We are Javier Díez, industrial designer, and José Luis Díez, interior designer, the two brothers that form the Madrid-based studio díez+díez. We are devoted to product design and we have created, among other projects, essential pictograms, shy cups, invisible bookcases, slow benches, madeleines with internal memory, packed up lights, earthenware pitchers for the new century, containers for memories, petrified pieces of the sea, pieces of furniture as obliging as C. C. Baxter, carpets that cause vertigo, etcetera.

We would like to work for MUJI or IKEA; we like to design for the people, for when they buy or use our designs, they do so because they like them or find them useful, because they bring something to their lives, not because they are buying a “díez+díez”.

We would also like to design a cafe for lovers to date, or a hotel where one could live a parallel existence, or a set design where the visible elements are more mysterious than the invisible ones; we feel like taking the plunge from the tale to the novel.

We work essentially with concepts, with ideas, with thoughts and we use shapes simply as a tool for revealing those, but through a whisper, we do not want our objects to speak, let alone shout; anyone willing to listen to them will have to get very close.

We like to work with ideas like pragmatism, reflection, concept, illusion, word, search, thought, chance, poetry, criticism, curiosity…

As the basis of our work, we use what has come to be known as transversality, that is, we use different creation fields as a starting point for our work, such as philosophy, films or poetry; we are bored and saturated with the world of design, we prefer to find, or better yet, look for inspiration in life itself.

We like to identify ourselves with a cross which conveys addition, the convergence between pragmatism (the horizontal) and idealism (the vertical), a sign, transversality, synapse, short circuit, fusion…
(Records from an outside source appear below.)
(* Let $A$ be an invertible $n$-by-$n$ doubly nonnegative matrix with sign change matrix $W=[w_{ij}]$. For indices $i,j$ let $T^-_{ij}=\{t>1:(A^t)_{ij}<0\}$. Then the number of connected components of $T^-_{ij}$ is at most $\lfloor (w_{ij}-1)/2\rfloor$ if $w_{ij}>0$, and is $0$ if $w_{ij}=0$.
   Context: A real matrix is doubly nonnegative if it is symmetric, positive semidefinite, and entry-wise nonnegative. Write $A=UDU^T$ with $U=[u_{ij}]$ real orthogonal and $D=\mathrm{diag}(\lambda_1,\dots,\lambda_n)$, $\lambda_1\ge\cdots\ge\lambda_n$; for real $t$ (here $\lambda_i>0$), $A^t=UD^tU^T$, so $(A^t)_{ij}=\sum_k u_{ik}u_{jk}\lambda_k^t$ is an exponential polynomial in $t$. The sign change matrix $W=[w_{ij}]$ has $w_{ij}$ equal to the number of sign changes in the coefficient sequence $(u_{i1}u_{j1},\dots,u_{in}u_{jn})$, arranged in decreasing order of the corresponding eigenvalues (zeros ignored). *)

theory Defs
  imports "HOL-Analysis.Analysis"
begin

text \<open>Real n-by-n matrices are represented as functions nat => nat => real,
  only the entries with indices below n being relevant.\<close>

definition symmetric_matrix :: "nat \<Rightarrow> (nat \<Rightarrow> nat \<Rightarrow> real) \<Rightarrow> bool" where
  "symmetric_matrix n A \<longleftrightarrow> (\<forall>i<n. \<forall>j<n. A i j = A j i)"

definition psd_matrix :: "nat \<Rightarrow> (nat \<Rightarrow> nat \<Rightarrow> real) \<Rightarrow> bool" where
  "psd_matrix n A \<longleftrightarrow> symmetric_matrix n A \<and>
     (\<forall>x :: nat \<Rightarrow> real. (\<Sum>i<n. \<Sum>j<n. x i * A i j * x j) \<ge> 0)"

definition entrywise_nonneg :: "nat \<Rightarrow> (nat \<Rightarrow> nat \<Rightarrow> real) \<Rightarrow> bool" where
  "entrywise_nonneg n A \<longleftrightarrow> (\<forall>i<n. \<forall>j<n. A i j \<ge> 0)"

definition doubly_nonnegative :: "nat \<Rightarrow> (nat \<Rightarrow> nat \<Rightarrow> real) \<Rightarrow> bool" where
  "doubly_nonnegative n A \<longleftrightarrow> symmetric_matrix n A \<and> psd_matrix n A \<and> entrywise_nonneg n A"

definition mat_mult :: "nat \<Rightarrow> (nat \<Rightarrow> nat \<Rightarrow> real) \<Rightarrow> (nat \<Rightarrow> nat \<Rightarrow> real) \<Rightarrow> nat \<Rightarrow> nat \<Rightarrow> real" where
  "mat_mult n A B = (\<lambda>i j. \<Sum>k<n. A i k * B k j)"

definition invertible_matrix :: "nat \<Rightarrow> (nat \<Rightarrow> nat \<Rightarrow> real) \<Rightarrow> bool" where
  "invertible_matrix n A \<longleftrightarrow> (\<exists>B. \<forall>i<n. \<forall>j<n.
      mat_mult n A B i j = (if i = j then 1 else 0) \<and> mat_mult n B A i j = (if i = j then 1 else 0))"

definition orthogonal_matrix :: "nat \<Rightarrow> (nat \<Rightarrow> nat \<Rightarrow> real) \<Rightarrow> bool" where
  "orthogonal_matrix n U \<longleftrightarrow> (\<forall>i<n. \<forall>j<n.
      (\<Sum>k<n. U k i * U k j) = (if i = j then 1 else 0) \<and>
      (\<Sum>k<n. U i k * U j k) = (if i = j then 1 else 0))"

fun sign_changes_nz :: "real list \<Rightarrow> nat" where
  "sign_changes_nz (x # y # zs) = (if x * y < 0 then 1 else 0) + sign_changes_nz (y # zs)"
| "sign_changes_nz _ = 0"

definition sign_changes :: "real list \<Rightarrow> nat" where
  "sign_changes xs = sign_changes_nz (filter (\<lambda>x. x \<noteq> 0) xs)"

text \<open>Entry (i,j) of the sign change matrix w.r.t. the decomposition A = U D U^T,
  where the eigenvalues lambda 0 >= ... >= lambda (n-1) are in decreasing order.\<close>
definition sign_change_entry :: "nat \<Rightarrow> (nat \<Rightarrow> nat \<Rightarrow> real) \<Rightarrow> nat \<Rightarrow> nat \<Rightarrow> nat" where
  "sign_change_entry n U i j = sign_changes (map (\<lambda>k. U i k * U j k) [0..<n])"

text \<open>Entry (i,j) of A^t = U D^t U^T.\<close>
definition mat_real_power_entry ::
  "nat \<Rightarrow> (nat \<Rightarrow> nat \<Rightarrow> real) \<Rightarrow> (nat \<Rightarrow> real) \<Rightarrow> real \<Rightarrow> nat \<Rightarrow> nat \<Rightarrow> real" where
  "mat_real_power_entry n U lam t i j = (\<Sum>k<n. U i k * U j k * lam k powr t)"

end

theory Submission
  imports Defs
begin

text \<open>With \<open>\<mu> k = ln (lam k)\<close>, the entry \<open>(A\<^sup>t)\<^sub>i\<^sub>j\<close> is the exponential sum
  \<open>f t = (\<Sum>k. U i k * U j k * exp (\<mu> k * t))\<close>, and Descartes' rule of signs for such sums
  (Rolle's theorem after dividing by a suitable exponential) bounds its number of real zeros by the
  number \<open>w\<close> of sign changes of its coefficients, unless \<open>f = 0\<close>. For \<open>i \<noteq> j\<close> we have
  \<open>f 0 = 0\<close>, and \<open>f m \<ge> 0\<close> for all integers \<open>m \<ge> 1\<close> because \<open>A\<^sup>m\<close> is entrywise nonnegative.
  Suppose \<open>{t. t > 1 \<and> f t < 0}\<close> has \<open>c\<close> components. Adding \<open>\<epsilon> h\<close> with \<open>h 0 = 0\<close> and
  \<open>h > 0\<close> on \<open>{t. t > 0}\<close>, chosen so that the number of sign changes grows at most to the next
  even number, gives a sum that vanishes at \<open>0\<close>, is negative at a point of each component, and
  positive at \<open>1\<close>, between the components and at a large integer. It has at least \<open>2c + 1\<close> zeros,
  so \<open>2c + 1\<close> is at most \<open>w\<close> rounded up to an even number, i.e. \<open>c \<le> (w - 1) div 2\<close>.\<close>

section \<open>Sign changes\<close>

fun sign_changes_from :: "real \<Rightarrow> real list \<Rightarrow> nat" where
  "sign_changes_from s [] = 0"
| "sign_changes_from s (x # xs) =
     (if x = 0 then sign_changes_from s xs
      else (if s * x < 0 then 1 else 0) + sign_changes_from x xs)"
We are not interested in prizes, exhibitions, covers of magazines, or having our pieces exhibited in museums. In other words, none of these is interesting as an end in itself, but as a means to gaining the confidence of more manufacturers and reaching more people, which ultimately is our fundamental goal and, through that, making you happier? We would like that.

We do not understand, or rather, we do, but we do not like the idea of design as a boring media trade, more similar to the worst Hollywood than as a job whose aim, to the extent of its possibilities, is to make a better world; we believe that it takes a lot of modesty to approach people and expect our products to enter their lives, homes, offices and cities; we do not believe it takes camera flashes or glossy magazines to design a cup where, in a rainy autumn evening, someone, sitting in a chair also of our creation, drinks his/her favourite tea while minding his/her own business; we agree with Leonardo when he said: “the greatest wisdom lies in realising that what you are looking for already exists.”
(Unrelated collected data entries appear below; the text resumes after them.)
(* For every $d\ge 1$, no graph of the form $K_{d+1}\star G_3$ (with $G_3$ any graph on $3$ vertices) is $d$-ball packable.
   Context: $K_n$ is the complete graph on $n$ vertices, $G_3$ an arbitrary graph on $3$ vertices, $\star$ the graph join. A $d$-ball in $\hat{\mathbb R}^d$ is a closed ball, closed exterior of an open ball with $\infty$, or a closed half-space with $\infty$; a $d$-ball packing is a collection of $d$-balls with disjoint interiors; its tangency graph joins balls meeting in exactly one point; a graph is $d$-ball packable if isomorphic to the tangency graph of some $d$-ball packing. *)

theory Defs
  imports "HOL-Analysis.Analysis"
begin

text \<open>The extended space \<open>\<hat>R^d = R^d \<union> {\<infinity>}\<close> is modelled as \<open>(real^'n) option\<close>,
  with \<open>None\<close> the point at infinity and \<open>d = CARD('n)\<close>.\<close>

definition finite_part :: "(real^'n) option set \<Rightarrow> (real^'n) set" where
  "finite_part S = {x. Some x \<in> S}"

definition is_dball :: "(real^'n) option set \<Rightarrow> bool" where
  "is_dball S \<longleftrightarrow>
     (\<exists>c r. r > 0 \<and> S = Some ` cball c r) \<or>
     (\<exists>c r. r > 0 \<and> S = insert None (Some ` (- ball c r))) \<or>
     (\<exists>a b. a \<noteq> 0 \<and> S = insert None (Some ` {x. a \<bullet> x \<le> b}))"

text \<open>Interiors in \<open>\<hat>R^d\<close>: every neighbourhood of \<infinity> contains points of \<open>R^d\<close>, so two
  d-balls have disjoint interiors in \<open>\<hat>R^d\<close> iff the interiors (in \<open>R^d\<close>) of their finite
  parts are disjoint.\<close>
definition disjoint_interiors :: "(real^'n) option set \<Rightarrow> (real^'n) option set \<Rightarrow> bool" where
  "disjoint_interiors S T \<longleftrightarrow> interior (finite_part S) \<inter> interior (finite_part T) = {}"

definition ball_packable :: "'v set \<Rightarrow> ('v \<Rightarrow> 'v \<Rightarrow> bool) \<Rightarrow> ('v \<Rightarrow> (real^'n) option set) \<Rightarrow> bool" where
  "ball_packable V E B \<longleftrightarrow>
     inj_on B V \<and> (\<forall>v\<in>V. is_dball (B v)) \<and>
     (\<forall>u\<in>V. \<forall>v\<in>V. u \<noteq> v \<longrightarrow> disjoint_interiors (B u) (B v)) \<and>
     (\<forall>u\<in>V. \<forall>v\<in>V. u \<noteq> v \<longrightarrow> (E u v \<longleftrightarrow> (\<exists>!p. p \<in> B u \<inter> B v)))"

definition dball_packable :: "'n::finite itself \<Rightarrow> 'v set \<Rightarrow> ('v \<Rightarrow> 'v \<Rightarrow> bool) \<Rightarrow> bool" where
  "dball_packable _ V E \<longleftrightarrow> (\<exists>B :: 'v \<Rightarrow> (real^'n) option set. ball_packable V E B)"

end

theory Submission
  imports Defs
begin

text \<open>Inversive coordinates turn a d-ball into a unit vector \<open>X\<close> of Lorentz space
  \<open>\<real>\<^bsup>d+1,1\<^esup>\<close> with its Lorentzian form \<open>Q\<close>, and two touching d-balls with disjoint interiors into vectors with \<open>Q(X, Y) = -1\<close>.
  The clique \<open>K\<^sub>d\<^sub>+\<^sub>1\<close> thus gives vectors \<open>b\<^sub>j\<close> with Gram matrix \<open>2I - J\<close>, and each ball of
  \<open>G\<^sub>3\<close> a unit vector \<open>p\<close> with \<open>Q(p, b\<^sub>j) = -1\<close> for all \<open>j\<close>.
  For \<open>d \<ge> 2\<close> the Gram matrix is invertible, so the orthogonal complement of the \<open>b\<^sub>j\<close> is a
  spacelike line and the admissible \<open>p\<close> are \<open>w \<plusminus> e\<close> for a fixed \<open>w\<close> and a unit vector \<open>e\<close> on it:
  at most two of them. For \<open>d = 1\<close> the two balls of the clique are not complementary, so
  \<open>b\<^sub>1 + b\<^sub>2\<close> is a nonzero null vector, and a dimension count leaves at most one admissible \<open>p\<close>.\<close>

section \<open>The Lorentzian form\<close>

type_synonym 'n lorentz = "real \<times> real \<times> (real^'n)"

definition lorentz_form :: "'n::finite lorentz \<Rightarrow> 'n lorentz \<Rightarrow> real" where
  "lorentz_form x y = snd (snd x) \<bullet> snd (snd y) - (fst x * fst (snd y) + fst (snd x) * fst y) / 2"

lemma lorentz_form_commute: "lorentz_form x y = lorentz_form y x"
  unfolding lorentz_form_def by (simp add: inner_commute algebra_simps)

lemma lorentz_form_zero_left [simp]: "lorentz_form 0 z = 0"
  unfolding lorentz_form_def by simp

lemma lorentz_form_add_left: "lorentz_form (x + y) z = lorentz_form x z + lorentz_form y z"
  unfolding lorentz_form_def by (simp add: inner_add_left algebra_simps add_divide_distrib)

lemma lorentz_form_scaleR_left: "lorentz_form (c *\<^sub>R x) z = c * lorentz_form x z"
  unfolding lorentz_form_def by (simp add: algebra_simps)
We want our designs to have style, not a style; it is not our ambition to be cast in our designs. We do not want to design a table repeating the same stylistic patterns we have used for a corkscrew; we are not artists, we are designers, our ambition is to provide answers, not to raise questions.

We like to define ourselves as designers of the working days; as Baudelaire put it, we leave art “for Sundays”; in short, as Jean Renoir said: “art is the way to develop a trade”, we prefer to search for art in the way of doing rather than in the results.

We prefer to sell one million objects worth one Euro, rather than one object worth one million Euros.

We do not like to be called minimalist, we prefer the term essential; we do not design from the outside, from the shape, to the inside; thus we do not follow the process of simplifying and stripping the object of its qualities until reducing it to a skeletal formal cliché; we design from the inside, the project is determined by the object we are dealing with, we search for its essence; if someday we have a commission for an object with a baroque essence, we will design an excessively ornate and bombastic object, but we will never do it subject to the dictate of fashion or trend.

In short, we understand design as an existential activity, involved in life, and as Berger does with writing, design must be a manifestation of experience; we believe design is a job that requires, above all, curiosity, lots of curiosity, criticism and, especially, self-criticism, as ultimately we are buyers and users, besides designers; we could never design something we would not buy for ourselves.